CHROMATOGRAPHIC DETERMINATION OF THE POSITION AND CONFIGURATION OF ISOMERS OF METHYL OLEATE HYDROPEROXIDES

Oxygen can react with organic substrates (RH) to yield hydroperoxides, which in many instances are the first products of oxidation to be analytically isolated. A study of the structure of hydroperoxides could elucidate the reaction mechanisms activated during the first steps of oxidation processes. The simplest structural model used in the study of oxidation mechanisms of fats is methyl oleate. In this work the structures of methyl oleate hydroperoxides (MOHPs) were determined by gas chromatography-ion-trap detector mass spectrometry (GC-ITD-MS) of the corresponding hydroxystearates (MSHs).

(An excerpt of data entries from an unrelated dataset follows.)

(* For every $k\ge1$ and every vector $\vec v_0$ of natural numbers over the counters of $\mathcal B_k$ such that $\vec v_0(d_i)=\vec v_0(d'_i)=0$ for all $i<k$, the BVASS $\mathcal B_k$ has a $(q^{\mathrm{init}}_k,\vec v_0)$-rooted $\{q^{\mathrm{leaf}}\}$-leaf-covering deduction tree if and only if $\vec v_0(d_k)\ge\mathrm{tower}(k)$.
   Context: A BVASS of dimension $D$ with counters indexed by a finite set consists of a finite set of states, unary rules $q\xrightarrow{\vec u}q_1$ with $\vec u\in\mathbb Z^D$, and split rules $q\to q_1+q_2$. A deduction tree is a finite tree labelled by configurations $(q,\vec v)$, $\vec v\in\mathbb N^D$, where each internal node $(q,\vec v)$ has either one child $(q_1,\vec v+\vec u)$ (with $\vec v+\vec u\ge\vec 0$) for a unary rule $(q,\vec u,q_1)$, or two children $(q_1,\vec v_1),(q_2,\vec v_2)$ with $\vec v_1+\vec v_2=\vec v$ for a split rule $(q,q_1,q_2)$. It is $(q,\vec v)$-rooted if its root is labelled $(q,\vec v)$ and $Q_\ell$-leaf-covering if the state of every leaf label is in $Q_\ell$ (no condition on vectors). $\mathrm{tower}(0)=1$, $\mathrm{tower}(n+1)=2^{\mathrm{tower}(n)}$. The BVASS $\mathcal B_k$ has counters $d_1,\dots,d_k,d'_1,\dots,d'_{k-1}$, defined recursively. $\mathcal B_1$ has states $q^{\mathrm{init}}_1,q^{\mathrm{leaf}}$ and one unary rule $q^{\mathrm{init}}_1\xrightarrow{-2\vec e_{d_1}}q^{\mathrm{leaf}}$. For $k>1$, $\mathcal B_k$ consists of $\mathcal B_{k-1}$ plus new states $q^{\mathrm{init}}_k,q^1_k,q^2_k,q^{\mathrm{loop}}_k$ and rules: $q^{\mathrm{init}}_k\xrightarrow{\vec e_{d_{k-1}}}q^1_k$; $q^1_k\xrightarrow{-\vec e_{d_{k-1}}+2\vec e_{d'_{k-1}}}q^1_k$; $q^1_k\xrightarrow{\vec 0}q^2_k$; $q^2_k\xrightarrow{-\vec e_{d'_{k-1}}+\vec e_{d_{k-1}}}q^2_k$; split $q^2_k\to q^{\mathrm{loop}}_k+q^{\mathrm{loop}}_k$; $q^{\mathrm{loop}}_k\xrightarrow{\vec 0}q^{\mathrm{init}}_k$; and $q^{\mathrm{loop}}_k\xrightarrow{-\vec e_{d_k}}q^{\mathrm{init}}_{k-1}$. Here $\vec e_c$ denotes the unit vector for counter $c$. *)

theory Defs
  imports Main
begin

text \<open>Vectors of N^D are represented as functions 'c => nat that vanish outside the
counter set.\<close>

record ('q, 'c) bvass =
  ctrs   :: "'c set"
  states :: "'q set"
  urules :: "('q \<times> ('c \<Rightarrow> int) \<times> 'q) set"
  srules :: "('q \<times> 'q \<times> 'q) set"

The hydroperoxides were reduced to methyl hydroxyoctadecenoates (MOHs), which were separated into the cis and trans fractions by argentation thin-layer chromatography. By hydrogenation of the double bond the cis- and trans-MOHs were reduced to MSHs for GC-ITD-MS analysis. Methods to isolate and determine the positional isomers of MOHPs were tested. The analytical techniques used were preparative high-performance liquid chromatography and GC-ITD-MS, solid-phase extraction-GC-ITD-MS and direct GC-ITD-MS.